What you will do –
Below are some entries. Copy each line that holds the string "only".

Data to process –

text \<open>
  Write \<open>s = r - 1\<close> and \<open>T = T\<^sup>s\<close>. Suppose every primary pivot \<open>(i, p)\<close> marked before
  iteration \<open>s\<close> lies in the block support with \<open>i < p < i + s\<close>. A change-of-basis pivot
  \<open>(j - s, j)\<close> and its primary pivot \<open>(j - s, p)\<close> share a row, so \<open>p < j\<close> and \<open>p, j\<close> lie in
  the same block. Hence \<open>T\<close> is unit upper triangular and block diagonal; so is \<open>T\<^sup>-\<^sup>1\<close> block
  diagonal, because it commutes with every block projector that \<open>T\<close> commutes with.
  Conjugation by such a matrix keeps the support inside the blocks \<open>J\<^sub>k\<^sub>-\<^sub>1 \<times> J\<^sub>k\<close> and acts on
  each of them separately, which gives the block formula and, by induction on \<open>s\<close>, the
  hypothesis on the pivots. Finally \<open>T\<close> differs from the identity only in the columns of
  change-of-basis pivots and the rows of the primary pivots they use, and a unit row of \<open>T\<close>
  is also a unit row of \<open>T\<^sup>-\<^sup>1\<close>.
\<close>

section \<open>Products, inverses and submatrices\<close>

lemma index_mult_mat_sum:
  assumes "A \<in> carrier_mat n k" "B \<in> carrier_mat k l" "i < n" "j < l"
  shows "(A * B) $$ (i, j) = (\<Sum>a<k. A $$ (i, a) * B $$ (a, j))"
  using assms by (simp add: scalar_prod_def lessThan_atLeast0)

lemma index_mult_mat_nonzero:
  fixes A B :: "'a::semiring_0 mat"
  assumes "A \<in> carrier_mat n k" "B \<in> carrier_mat k l" "i < n" "j < l" "(A * B) $$ (i, j) \<noteq> 0"
  obtains a where "a < k" "A $$ (i, a) \<noteq> 0" "B $$ (a, j) \<noteq> 0"
proof -
  obtain a where "a \<in> {..<k}" "A $$ (i, a) * B $$ (a, j) \<noteq> 0"
    using assms(5) sum.not_neutral_contains_not_neutral
    unfolding index_mult_mat_sum[OF assms(1-4)] by blast
  then show thesis using that mult_not_zero by blast
qed

lemma index_mult_mat_unit_row:
  fixes A B :: "'a::semiring_1 mat"
  assumes "A \<in> carrier_mat n k" "B \<in> carrier_mat k l" "i < n" "i < k" "j < l"
    and "\<And>a. a < k \<Longrightarrow> A $$ (i, a) = (if i = a then 1 else 0)"
  shows "(A * B) $$ (i, j) = B $$ (i, j)"
proof -
  have "(A * B) $$ (i, j) = (\<Sum>a<k. if i = a then B $$ (i, j) else 0)"
    unfolding index_mult_mat_sum[OF assms(1-3,5)] by (rule sum.cong) (auto simp: assms(6))
  then show ?thesis using assms(4) by simp
qed

lemma index_mult_mat_unit_col:
  fixes A B :: "'a::semiring_1 mat"
  assumes "A \<in> carrier_mat n k" "B \<in> carrier_mat k l" "i < n" "j < l" "j < k"
    and "\<And>a. a < k \<Longrightarrow> B $$ (a, j) = (if a = j then 1 else 0)"
  shows "(A * B) $$ (i, j) = A $$ (i, j)"
proof -
  have "(A * B) $$ (i, j) = (\<Sum>a<k. if a = j then A $$ (i, j) else 0)"
    unfolding index_mult_mat_sum[OF assms(1-4)] by (rule sum.cong) (auto simp: assms(6))
  then show ?thesis using assms(5) by simp
qed

lemma inv_mat_eqI:
  fixes A B :: "'a::field mat"
  assumes A: "A \<in> carrier_mat n n" and B: "B \<in> carrier_mat n n"
    and AB: "A * B = 1\<^sub>m n" and BA: "B * A = 1\<^sub>m n"
  shows "inv_mat A = B"
proof -
  have "\<exists>B. B \<in> carrier_mat n n \<and> A * B = 1\<^sub>m n \<and> B * A = 1\<^sub>m n"
    using B AB BA by blast
  then have C: "inv_mat A \<in> carrier_mat n n" and CA: "inv_mat A * A = 1\<^sub>m n"
    using someI_ex[where P = "\<lambda>C. C \<in> carrier_mat n n \<and> A * C = 1\<^sub>m n \<and> C * A = 1\<^sub>m n"] A
    unfolding inv_mat_def by auto
  have "inv_mat A = inv_mat A * (A * B)" using C by (simp add: AB)
  also have "\<dots> = (inv_mat A * A) * B" using assoc_mult_mat[OF C A B] by simp
  also have "\<dots> = B" using B by (simp add: CA)
  finally show ?thesis .
qed

lemma inv_mat_nonzero_det:
  fixes A :: "'a::field mat"
  assumes A: "A \<in> carrier_mat n n" and "det A \<noteq> 0"
  shows "inv_mat A \<in> carrier_mat n n" "A * inv_mat A = 1\<^sub>m n" "inv_mat A * A = 1\<^sub>m n"
proof -
  obtain B where "B \<in> carrier_mat n n" "B * A = 1\<^sub>m n" "A * B = 1\<^sub>m n"
    using det_non_zero_imp_unit[OF assms] unfolding Units_def ring_mat_def by auto
  with inv_mat_eqI[OF A] show "inv_mat A \<in> carrier_mat n n" "A * inv_mat A = 1\<^sub>m n" "inv_mat A * A = 1\<^sub>m n"
    by auto
qed

lemma inv_mat_unit_row:
  fixes A :: "'a::field mat"
  assumes A: "A \<in> carrier_mat n n" and "det A \<noteq> 0" and "p < n" "c < n"
    and "\<And>a. a < n \<Longrightarrow> A $$ (p, a) = (if p = a then 1 else 0)"
  shows "inv_mat A $$ (p, c) = (if p = c then 1 else 0)"
proof -
  note inv = inv_mat_nonzero_det[OF assms(1,2)]
  have "inv_mat A $$ (p, c) = (A * inv_mat A) $$ (p, c)"
    using index_mult_mat_unit_row[OF A inv(1) assms(3,3,4,5)] by simp
  then show ?thesis using assms(3,4) by (simp add: inv(2))
qed

lemma index_conj_unchanged:
  fixes T D :: "'a::field mat"
  assumes T: "T \<in> carrier_mat n n" and D: "D \<in> carrier_mat n n" and det: "det T \<noteq> 0"
    and i: "i < n" and j: "j < n"
    and row: "\<And>a. a < n \<Longrightarrow> T $$ (i, a) = (if i = a then 1 else 0)"
    and col: "\<And>a. a < n \<Longrightarrow> T $$ (a, j) = (if a = j then 1 else 0)"
  shows "(inv_mat T * D * T) $$ (i, j) = D $$ (i, j)"
proof -
  note inv = inv_mat_nonzero_det[OF T det]
  have "(inv_mat T * D * T) $$ (i, j) = (inv_mat T * D) $$ (i, j)"
    using index_mult_mat_unit_col[OF mult_carrier_mat[OF inv(1) D] T i j j col] .
  also have "\<dots> = D $$ (i, j)"
    using index_mult_mat_unit_row[OF inv(1) D i i j] inv_mat_unit_row[OF T det i _ row] by blast
  finally show ?thesis .
qed

lemma bij_betw_pick:
  assumes "finite K"
  shows "bij_betw (pick K) {..<card K} K"
proof -
  have inj: "inj_on (pick K) {..<card K}"
    by (rule inj_onI) (metis lessThan_iff nat_neq_iff pick_mono_le)
  have "pick K ` {..<card K} \<subseteq> K" using pick_in_set_le by auto
  moreover have "card (pick K ` {..<card K}) = card K" using card_image[OF inj] by simp
  ultimately have "pick K ` {..<card K} = K" using card_subset_eq[OF assms] by blast
  with inj show ?thesis unfolding bij_betw_def by simp
qed

lemma Collect_less_mem_eq: "I \<subseteq> {..<n} \<Longrightarrow> {i. i < n \<and> i \<in> I} = I"
  by auto

lemma carrier_submatrix:
  assumes "A \<in> carrier_mat n l" "I \<subseteq> {..<n}" "K \<subseteq> {..<l}"
  shows "submatrix A I K \<in> carrier_mat (card I) (card K)"
  using assms Collect_less_mem_eq[OF assms(2)] Collect_less_mem_eq[OF assms(3)]
  unfolding carrier_mat_def by (simp add: dim_submatrix)

lemma index_submatrix:
  assumes "A \<in> carrier_mat n l" "I \<subseteq> {..<n}" "K \<subseteq> {..<l}" "x < card I" "y < card K"
  shows "submatrix A I K $$ (x, y) = A $$ (pick I x, pick K y)"
  using assms Collect_less_mem_eq[OF assms(2)] Collect_less_mem_eq[OF assms(3)]
  unfolding carrier_mat_def by (simp add: submatrix_index)

lemma submatrix_mult:
  assumes A: "A \<in> carrier_mat n k" and B: "B \<in> carrier_mat k l"
    and I: "I \<subseteq> {..<n}" and K: "K \<subseteq> {..<k}" and L: "L \<subseteq> {..<l}"
    and zero: "\<And>i a. i \<in> I \<Longrightarrow> a < k \<Longrightarrow> a \<notin> K \<Longrightarrow> A $$ (i, a) = 0"
  shows "submatrix (A * B) I L = submatrix A I K * submatrix B K L"
proof -
  have AI: "submatrix A I K \<in> carrier_mat (card I) (card K)" using carrier_submatrix[OF A I K] .
  have BK: "submatrix B K L \<in> carrier_mat (card K) (card L)" using carrier_submatrix[OF B K L] .
  have AB: "A * B \<in> carrier_mat n l" using A B by simp
  show ?thesis
  proof (rule eq_matI)
    fix x y assume "x < dim_row (submatrix A I K * submatrix B K L)"
      "y < dim_col (submatrix A I K * submatrix B K L)"
    then have x: "x < card I" and y: "y < card L" using AI BK by auto
    have i: "pick I x \<in> I" and j: "pick L y \<in> L" using pick_in_set_le x y by auto
    let ?f = "\<lambda>a. A $$ (pick I x, a) * B $$ (a, pick L y)"
    have "submatrix (A * B) I L $$ (x, y) = (\<Sum>a<k. ?f a)"
      using index_submatrix[OF AB I L x y] index_mult_mat_sum[OF A B] i j I L by auto
    also have "\<dots> = (\<Sum>a\<in>K. ?f a)"
      using zero[OF i] K by (intro sum.mono_neutral_right) auto
    also have "\<dots> = (\<Sum>z<card K. ?f (pick K z))"
      using sum.reindex_bij_betw[OF bij_betw_pick[OF finite_subset[OF K finite_lessThan]], of ?f]
      by simp
    also have "\<dots> = (\<Sum>z<card K. submatrix A I K $$ (x, z) * submatrix B K L $$ (z, y))"
      using index_submatrix[OF A I K x] index_submatrix[OF B K L _ y] by (intro sum.cong) auto
    also have "\<dots> = (submatrix A I K * submatrix B K L) $$ (x, y)"
      using index_mult_mat_sum[OF AI BK x y] by simp
    finally show "submatrix (A * B) I L $$ (x, y) = (submatrix A I K * submatrix B K L) $$ (x, y)" .
  qed (use AI BK carrier_submatrix[OF AB I L] in auto)
qed
lemma funpow_job_finish_upper:
  fixes \<alpha> \<tau> :: real
  assumes "0 \<le> \<alpha>" "\<alpha> \<le> 1" "0 \<le> \<tau>"
  shows "((\<lambda>t. t + max (\<alpha> - \<alpha> * t) \<tau>) ^^ k) 0 \<le> 1 + k * \<tau>"
proof (induction k)
  case 0
  show ?case by simp
next
  case (Suc k)
  let ?t = "((\<lambda>t. t + max (\<alpha> - \<alpha> * t) \<tau>) ^^ k) 0"
  have "\<alpha> + (1 - \<alpha>) * ?t \<le> \<alpha> + (1 - \<alpha>) * (1 + k * \<tau>)"
    using Suc assms by (simp add: mult_left_mono)
  also have "\<dots> \<le> 1 + Suc k * \<tau>"
    using assms by (simp add: algebra_simps)
  finally have "\<alpha> + (1 - \<alpha>) * ?t \<le> 1 + Suc k * \<tau>" .
  moreover have "?t + \<tau> \<le> 1 + Suc k * \<tau>"
    using Suc by (simp add: algebra_simps)
  moreover have "?t + max (\<alpha> - \<alpha> * ?t) \<tau> = max (\<alpha> + (1 - \<alpha>) * ?t) (?t + \<tau>)"
    by (simp add: max_def algebra_simps)
  ultimately show ?case by simp
qed

lemma card_residue_ge:
  fixes m :: nat
  assumes "j < m"
  shows "i div m \<le> card {k. k < i \<and> k mod m = j}"
proof -
  have "q * m + j < i" if "q < i div m" for q
  proof -
    have "q * m + j < Suc q * m" using assms by simp
    also have "\<dots> \<le> i div m * m" using that by (intro mult_le_mono1) simp
    also have "\<dots> \<le> i" by simp
    finally show ?thesis .
  qed
  then have "(\<lambda>q. q * m + j) ` {..<i div m} \<subseteq> {k. k < i \<and> k mod m = j}"
    using assms by auto
  moreover have "inj_on (\<lambda>q. q * m + j) {..<i div m}"
    using assms by (auto simp: inj_on_def)
  ultimately show ?thesis
    using card_inj_on_le[of "\<lambda>q. q * m + j" "{..<i div m}"] by simp
qed

lemma card_residue_le:
  fixes m :: nat
  shows "card {k. k < i \<and> k mod m = i mod m} \<le> i div m"
proof -
  let ?S = "{k. k < i \<and> k mod m = i mod m}"
  have "k div m < i div m" if "k \<in> ?S" for k
  proof (rule ccontr)
    assume "\<not> k div m < i div m"
    then have "i div m * m \<le> k div m * m"
      by (intro mult_le_mono1) simp
    moreover have "k mod m = i mod m"
      using that by simp
    ultimately have "i \<le> k"
      using div_mult_mod_eq[of i m] div_mult_mod_eq[of k m] by linarith
    then show False
      using that by simp
  qed
  moreover have "inj_on (\<lambda>k. k div m) ?S"
    by (rule inj_onI) (metis (mono_tags, lifting) div_mult_mod_eq mem_Collect_eq)
  ultimately show ?thesis
    using card_inj_on_le[of "\<lambda>k. k div m" ?S "{..<i div m}"] by auto
qed

lemma card_Collect_less_le: "card {k. k < i \<and> P k} \<le> i"
proof -
  have "card {k. k < i \<and> P k} \<le> card {..<i}"
    by (rule card_mono) auto
  then show ?thesis
    by simp
qed

lemma completion_le_makespan:
  "i < n \<Longrightarrow> completion p s prio \<sigma> i \<le> makespan n p s prio \<sigma>"
  unfolding makespan_def by (intro Max_ge) auto

lemma makespan_nonneg: "0 \<le> makespan n p s prio \<sigma>"
  unfolding makespan_def by (intro Max_ge) auto

lemma makespan_le:
  "0 \<le> B \<Longrightarrow> (\<And>i. i < n \<Longrightarrow> completion p s prio \<sigma> i \<le> B) \<Longrightarrow> makespan n p s prio \<sigma> \<le> B"
  unfolding makespan_def by (intro Max.boundedI) auto

lemma OPT_le_makespan:
  "valid_profile n m \<sigma> \<Longrightarrow> OPT n m p s prio \<le> makespan n p s prio \<sigma>"
  unfolding OPT_def by (rule cInf_lower) (auto simp: bdd_below_def intro: makespan_nonneg)

lemma OPT_ge:
  assumes "0 < m" and "\<And>\<sigma>. valid_profile n m \<sigma> \<Longrightarrow> L \<le> makespan n p s prio \<sigma>"
  shows "L \<le> OPT n m p s prio"
proof -
  have "valid_profile n m (\<lambda>_. 0)"
    using assms(1) by (simp add: valid_profile_def)
  then show ?thesis
    unfolding OPT_def using assms(2) by (intro cInf_greatest) auto
qed

lemma ratio_le_PoA:
  assumes "is_NE n m p s prio \<sigma>" and "0 < OPT n m p s prio"
    and "\<And>\<sigma>'. is_NE n m p s prio \<sigma>' \<Longrightarrow> makespan n p s prio \<sigma>' \<le> B"
  shows "makespan n p s prio \<sigma> / OPT n m p s prio \<le> PoA n m p s prio"
  unfolding PoA_def
proof (rule cSup_upper)
  show "bdd_above {makespan n p s prio \<sigma> / OPT n m p s prio | \<sigma>. is_NE n m p s prio \<sigma>}"
    using assms(2,3) by (auto simp: bdd_above_def intro!: exI[of _ "B / OPT n m p s prio"] divide_right_mono)
qed (use assms(1) in blast)

lemma SDR_list_upt:
  "(\<And>i j. i \<le> j \<Longrightarrow> j < n \<Longrightarrow> a i \<le> a j) \<Longrightarrow> SDR_list n a [0..<n]"
  unfolding SDR_list_def by (auto simp: sorted_iff_nth_mono)

locale SDR_lower_bound_instance =
  fixes m K :: nat and \<epsilon> \<tau> :: real
  assumes two_le_m: "2 \<le> m"
    and eps_pos: "0 < \<epsilon>" and eps_le_half: "\<epsilon> \<le> 1 / 2"
    and tau_pos: "0 < \<tau>" and tau_small: "real (Suc (m * K)) * \<tau> \<le> \<epsilon>"
begin

definition N :: nat where "N = m * K"

definition n :: nat where "n = Suc N"

definition b :: "nat \<Rightarrow> real" where "b k = (if k < N then \<epsilon> else 1)"

definition p :: "nat \<Rightarrow> real \<Rightarrow> real" where "p = (\<lambda>i t. max (b i - \<epsilon> * t) \<tau>)"

definition start :: "nat \<Rightarrow> real" where
  "start c = ((\<lambda>t. t + max (\<epsilon> - \<epsilon> * t) \<tau>) ^^ c) 0"

definition finish :: "nat \<Rightarrow> nat \<Rightarrow> real" where
  "finish i c = start c + p i (start c)"

abbreviation C :: "(nat \<Rightarrow> nat) \<Rightarrow> nat \<Rightarrow> real" where
  "C \<sigma> i \<equiv> completion p (\<lambda>_. 1) [0..<n] \<sigma> i"

abbreviation Cmax :: "(nat \<Rightarrow> nat) \<Rightarrow> real" where
  "Cmax \<sigma> \<equiv> makespan n p (\<lambda>_. 1) [0..<n] \<sigma>"

lemma n_tau_le_eps: "real n * \<tau> \<le> \<epsilon>"
  using tau_small by (simp add: n_def N_def)

lemma tau_le_1: "\<tau> \<le> 1"
proof -
  have "0 \<le> real N * \<tau>"
    using tau_pos by simp
  then show ?thesis
    using n_tau_le_eps eps_le_half by (simp add: n_def distrib_right)
qed

lemma start_mono: "c \<le> c' \<Longrightarrow> start c \<le> start c'"
  unfolding start_def using eps_le_half tau_pos
  by (intro funpow_mono2 mono_job_finish) auto

lemma start_nonneg: "0 \<le> start c"
  using start_mono[of 0 c] by (simp add: start_def)

lemma start_le: "c \<le> n \<Longrightarrow> start c \<le> 1 + \<epsilon>"
proof -
  assume "c \<le> n"
  have "start c \<le> 1 + c * \<tau>"
    unfolding start_def using eps_pos eps_le_half tau_pos by (intro funpow_job_finish_upper) auto
  also have "c * \<tau> \<le> n * \<tau>"
    using \<open>c \<le> n\<close> tau_pos by (intro mult_right_mono) auto
  finally show ?thesis
    using n_tau_le_eps by simp
qed

lemma completion_eq_finish:
  assumes "i < n"
  shows "C \<sigma> i = finish i (card {k. k < i \<and> \<sigma> k = \<sigma> i})"
proof -
  have short: "\<forall>k<i. p k = (\<lambda>t. max (\<epsilon> - \<epsilon> * t) \<tau>)"
    using assms by (simp add: p_def b_def n_def)
  show ?thesis
    unfolding completion_upt_uniform_prefix[OF assms short] by (simp add: finish_def start_def Let_def)
qed

lemma finish_mono: "c \<le> c' \<Longrightarrow> finish i c \<le> finish i c'"
  unfolding finish_def p_def using eps_le_half start_mono
  by (auto intro: monoD[OF mono_job_finish])

lemma finish_le: "c \<le> n \<Longrightarrow> finish i c \<le> 2 + \<epsilon>"
proof -
  assume "c \<le> n"
  have "0 \<le> \<epsilon> * start c"
    using eps_pos start_nonneg by simp
  then have "b i - \<epsilon> * start c \<le> 1"
    using eps_le_half by (simp add: b_def)
  then have "p i (start c) \<le> 1"
    using tau_le_1 by (simp add: p_def)
  then show ?thesis
    using start_le[OF \<open>c \<le> n\<close>] by (simp add: finish_def)
qed

lemma finish_short: "i < N \<Longrightarrow> finish i c = start (Suc c)"
  by (simp add: finish_def start_def p_def b_def)

lemma finish_long_ge: "1 + (1 - \<epsilon>) * start c \<le> finish N c"
  by (simp add: finish_def p_def b_def algebra_simps)
lemma pi_p_eq_seq_take:
  "w \<in> seqN \<Longrightarrow>
    pi_p p w = cyl_start p (seq_take k w) + prod_list (map p (seq_take k w)) * pi_p p (seq_drop k w)"
proof (induction k arbitrary: w)
  case 0
  then show ?case by (simp add: seq_drop_def)
next
  case (Suc k)
  have "pi_p p w = phat p (w 0) + p (w 0) * pi_p p (seq_drop 1 w)"
    using pi_p_eq_Cons[OF Suc.prems] .
  also have "pi_p p (seq_drop 1 w) = cyl_start p (seq_take k (seq_drop 1 w))
      + prod_list (map p (seq_take k (seq_drop 1 w))) * pi_p p (seq_drop (Suc k) w)"
    using Suc.IH[OF seq_drop_in_seqN[OF Suc.prems]] by (simp only: seq_drop_seq_drop)
  finally show ?case by (simp add: seq_take_Suc algebra_simps)
qed

lemma pi_p_in_cylinder:
  assumes w: "w \<in> seqN"
  shows "cyl_start p (seq_take k w) \<le> pi_p p w
    \<and> pi_p p w \<le> cyl_start p (seq_take k w) + prod_list (map p (seq_take k w))"
proof -
  have "0 < prod_list (map p (seq_take k w))"
    using w by (intro prod_list_pos set_seq_take_subset_if_seqN)
  moreover have "pi_p p (seq_drop k w) \<in> {0..1}"
    using w by (intro pi_p_in_unit_interval seq_drop_in_seqN)
  ultimately show ?thesis
    unfolding pi_p_eq_seq_take[OF w, of k] by (simp add: mult_left_le)
qed

end

section \<open>Mass distribution on cylinders\<close>

locale finite_alphabet = prob_on_N +
  fixes M :: nat and s :: real
  assumes s_pos: "0 < s" and s_less_1: "s < 1"
    and sum_powr_ge_1: "1 \<le> (\<Sum>i=1..M. p i powr s)"
begin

Answer to this task –
  hypothesis on the pivots. Finally \<open>T\<close> differs from the identity only in the columns of
    using Suc.IH[OF seq_drop_in_seqN[OF Suc.prems]] by (simp only: seq_drop_seq_drop)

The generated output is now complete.